En plus des démarches souvent difficiles et coûteuses, ils devront composer avec la hausse des frais universitaires pour les étudiants étrangers extracommunautaires. Dès la rentrée 2019, ceux-ci devront s’acquitter de 2 770 euros par année en licence et de 3 770 euros en master et doctorat, contre 170 euros en licence, 243 euros en master et 380 euros en doctorat pour les Européens.

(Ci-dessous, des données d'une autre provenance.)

lemma ad_prod_empty [simp]: "ad_prod {} = 1"
  unfolding ad_prod_def by simp

lemma ad_prod_insert:
  assumes "finite S" "S \<subseteq> {..<n}" "k < n" "k \<notin> S"
  shows "ad_prod (insert k S) = ad_prod S * ad_fam k" "ad_prod (insert k S) = ad_fam k * ad_prod S"
proof -
  let ?f = "\<lambda>i p. p * ad_fam i"
  have set_eq: "set (sorted_list_of_set (insert k S)) = insert k S"
    using assms(1) by (simp only: set_sorted_list_of_set finite_insert)
  have commute: "?f x \<circ> ?f y = ?f y \<circ> ?f x"
    if "x \<in> set (sorted_list_of_set (insert k S))" "y \<in> set (sorted_list_of_set (insert k S))" for x y
  proof -
    have "x < n" "y < n" using that assms unfolding set_eq by auto
    then show ?thesis by (auto simp: fun_eq_iff mult.assoc ad_fam_commute)
  qed
  have mset_eq: "mset (sorted_list_of_set X) = mset_set X" if "finite X" for X :: "nat set"
    by (metis mset_sorted_list_of_multiset sorted_list_of_mset_set)
  have "fold ?f (sorted_list_of_set (insert k S)) = fold ?f (sorted_list_of_set S @ [k])"
    by (rule fold_multiset_equiv[OF commute]) (simp_all add: mset_eq assms)
  then show "ad_prod (insert k S) = ad_prod S * ad_fam k"
    unfolding ad_prod_def by simp
  have "fold ?f (sorted_list_of_set (insert k S)) = fold ?f (k # sorted_list_of_set S)"
    by (rule fold_multiset_equiv[OF commute]) (simp_all add: mset_eq assms)
  then show "ad_prod (insert k S) = ad_fam k * ad_prod S"
    unfolding ad_prod_def using fold_times_ad_fam[of _ "ad_fam k"] by simp
qed

lemma ad_prod_Un:
  assumes "finite R" "finite S" "S \<subseteq> {..<n}" "R \<subseteq> {..<n}" "S \<inter> R = {}"
  shows "ad_prod S * ad_prod R = ad_prod (S \<union> R)"
  using assms
proof (induction R rule: finite_induct)
  case (insert k R)
  then have "ad_prod S * ad_prod (insert k R) = ad_prod (S \<union> R) * ad_fam k"
    by (simp add: ad_prod_insert(1) mult.assoc[symmetric])
  also have "\<dots> = ad_prod (S \<union> insert k R)"
    using insert by (subst Un_insert_right, subst ad_prod_insert(1)) auto
  finally show ?case .
qed simp

lemma ad_prod_overlap:
  assumes "finite R" "finite S" "S \<subseteq> {..<n}" "R \<subseteq> {..<n}" "S \<inter> R \<noteq> {}"
  shows "ad_prod S * p * ad_prod R = 0"
proof -
  obtain k where k: "k \<in> S" "k \<in> R" using assms by blast
  then have "k < n" using assms by auto
  have "ad_prod S = ad_prod (insert k (S - {k}))" using k by (simp add: insert_absorb)
  also have "\<dots> = ad_prod (S - {k}) * ad_fam k"
    using assms \<open>k < n\<close> by (intro ad_prod_insert(1)) auto
  finally have S: "ad_prod S = ad_prod (S - {k}) * ad_fam k" .
  have "ad_prod R = ad_prod (insert k (R - {k}))" using k by (simp add: insert_absorb)
  also have "\<dots> = ad_fam k * ad_prod (R - {k})"
    using assms \<open>k < n\<close> by (intro ad_prod_insert(2)) auto
  finally have "ad_prod S * p * ad_prod R =
      ad_prod (S - {k}) * (ad_fam k * p * ad_fam k) * ad_prod (R - {k})"
    using S by (simp add: mult.assoc)
  also have "\<dots> = 0" using ad_fam_sandwich_eq_0[OF \<open>k < n\<close>] by simp
  finally show ?thesis .
qed

lemma ksubsets_lessThanD: "S \<in> ksubsets {..<n} k \<Longrightarrow> finite S \<and> S \<subseteq> {..<n} \<and> card S = k"
  unfolding ksubsets_def by (auto intro: finite_subset)

lemma fold_ad_eq_app:
  assumes "set xs \<subseteq> {..<n}" "tilde x"
  shows "fold (\<lambda>d v. d v) (map (\<lambda>i. ad br (\<omega> i)) xs) (app c x) = app (fold (\<lambda>i p. p * ad_fam i) xs c) x"
  using assms(1)
proof (induction xs arbitrary: c)
  case (Cons i xs)
  then have "ad br (\<omega> i) (app c x) = app (c * ad_fam i) x"
    using assms(2) by (simp add: ad_def app_ad_fam tilde_app)
  then show ?case using Cons.IH[of "c * ad_fam i"] Cons.prems by simp
qed simp

lemma adU_eq_app_U:
  assumes "tilde x"
  shows "adU br \<omega> n k x = app (U k) x"
proof -
  have "opprod (map (\<lambda>i. ad br (\<omega> i)) (sorted_list_of_set S)) x = app (ad_prod S) x"
    if "S \<in> ksubsets {..<n} k" for S
    using fold_ad_eq_app[of "sorted_list_of_set S" x 1] ksubsets_lessThanD[OF that] assms
    by (simp add: opprod_def ad_prod_def)
  then show ?thesis
    unfolding adU_def Uk_def ksubsets_def[symmetric] U_def
    by (simp add: app_sum_endo sum_fun_apply fun_eq_iff)
qed

lemma U_sandwich:
  "U a * Y * U b = (\<Sum>T\<in>ksubsets {..<n} (a + b). \<Sum>S\<in>ksubsets T a. ad_prod S * Y * ad_prod (T - S))"
proof -
  have "U a * Y * U b = (\<Sum>S\<in>ksubsets {..<n} a. \<Sum>R\<in>ksubsets {..<n} b. ad_prod S * Y * ad_prod R)"
    unfolding U_def sum_distrib_left sum_distrib_right by (rule sum.swap)
  also have "\<dots> = (\<Sum>S\<in>ksubsets {..<n} a. \<Sum>R\<in>ksubsets {..<n} b.
      if S \<inter> R = {} then ad_prod S * Y * ad_prod R else 0)"
  proof (intro sum.cong refl)
    fix S R assume "S \<in> ksubsets {..<n} a" "R \<in> ksubsets {..<n} b"
    then show "ad_prod S * Y * ad_prod R = (if S \<inter> R = {} then ad_prod S * Y * ad_prod R else 0)"
      using ad_prod_overlap[of R S Y] by (simp add: ksubsets_lessThanD)
  qed
  also have "\<dots> = (\<Sum>T\<in>ksubsets {..<n} (a + b). \<Sum>S\<in>ksubsets T a. ad_prod S * Y * ad_prod (T - S))"
    by (rule sum_ksubsets_disjoint) simp
  finally show ?thesis .
qed

lemma U_mult_U: "U a * U b = (\<Sum>_<(a + b) choose a. U (a + b))"
proof -
  have "U a * U b = U a * 1 * U b" by simp
  also have "\<dots> = (\<Sum>T\<in>ksubsets {..<n} (a + b). \<Sum>S\<in>ksubsets T a. ad_prod S * 1 * ad_prod (T - S))"
    by (rule U_sandwich)
  also have "\<dots> = (\<Sum>T\<in>ksubsets {..<n} (a + b). \<Sum>S\<in>ksubsets T a. ad_prod T)"
  proof (intro sum.cong refl)
    fix T S assume T: "T \<in> ksubsets {..<n} (a + b)" and "S \<in> ksubsets T a"
    then have "S \<subseteq> T" unfolding ksubsets_def by blast
    moreover have "finite T" "T \<subseteq> {..<n}" using ksubsets_lessThanD[OF T] by simp_all
    ultimately have "ad_prod S * ad_prod (T - S) = ad_prod (S \<union> (T - S))"
      by (intro ad_prod_Un) (auto dest: finite_subset)
    with \<open>S \<subseteq> T\<close> show "ad_prod S * 1 * ad_prod (T - S) = ad_prod T"
      by (simp add: Un_absorb1)
  qed
  also have "\<dots> = (\<Sum>T\<in>ksubsets {..<n} (a + b). \<Sum>_<(a + b) choose a. ad_prod T)"
  proof (intro sum.cong refl)
    fix T assume "T \<in> ksubsets {..<n} (a + b)"
    then have "card (ksubsets T a) = (a + b) choose a"
      using ksubsets_lessThanD card_ksubsets by metis
    then show "(\<Sum>_\<in>ksubsets T a. ad_prod T) = (\<Sum>_<(a + b) choose a. ad_prod T)"
      by (subst sum_constant_lessThan_card) simp
  qed
  also have "\<dots> = (\<Sum>_<(a + b) choose a. U (a + b))"
    unfolding U_def by (rule sum.swap)
  finally show ?thesis .
qed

« On peut accepter une augmentation des frais, mais pas dans ces proportions. On est passé de rien à 2 800 euros par an, c’est trop ! », Mentionne Omar, 21 ans, l’un des jeunes présents. « La France est devenue une destination pour les étudiants riches. Si tu es pauvre ou issu de la classe moyenne, tu restes chez toi », accuse Salah, 22 ans, inscrit en gestion des entreprises dans une école privée à Rabat. Lui dit avoir abandonné à son projet de master en France : « Vu la hausse, je préfère aller là où les études sont gratuites. »
« Au Maroc aussi, il faut souvent payer »
Selon les dernières estimations de Campus France, en 2017, le Maroc était le premier pays d’origine des étudiants étrangers non européens dans l’Hexagone, avec 38 000 ressortissants. Depuis l’annonce de la réforme, une baisse de 15,5 % des demandes a été enregistrée pour le royaume. Reste que, dans ce pays où l’école publique est soulignée de tous les maux, une scolarité payante est devenue la norme dans les classes moyennes et aisées. « Au Maroc aussi, il faut souvent payer pour étudier », relève ainsi Khalil, 17 ans, qui fréquente un lycée privé à Kénitra, au nord de Rabat. Il trouve « normale » la hausse des frais universitaires en France « car les étudiants français paient les [impôts] chez eux, alors que nous, on ne paie rien, juste les frais de scolarité ».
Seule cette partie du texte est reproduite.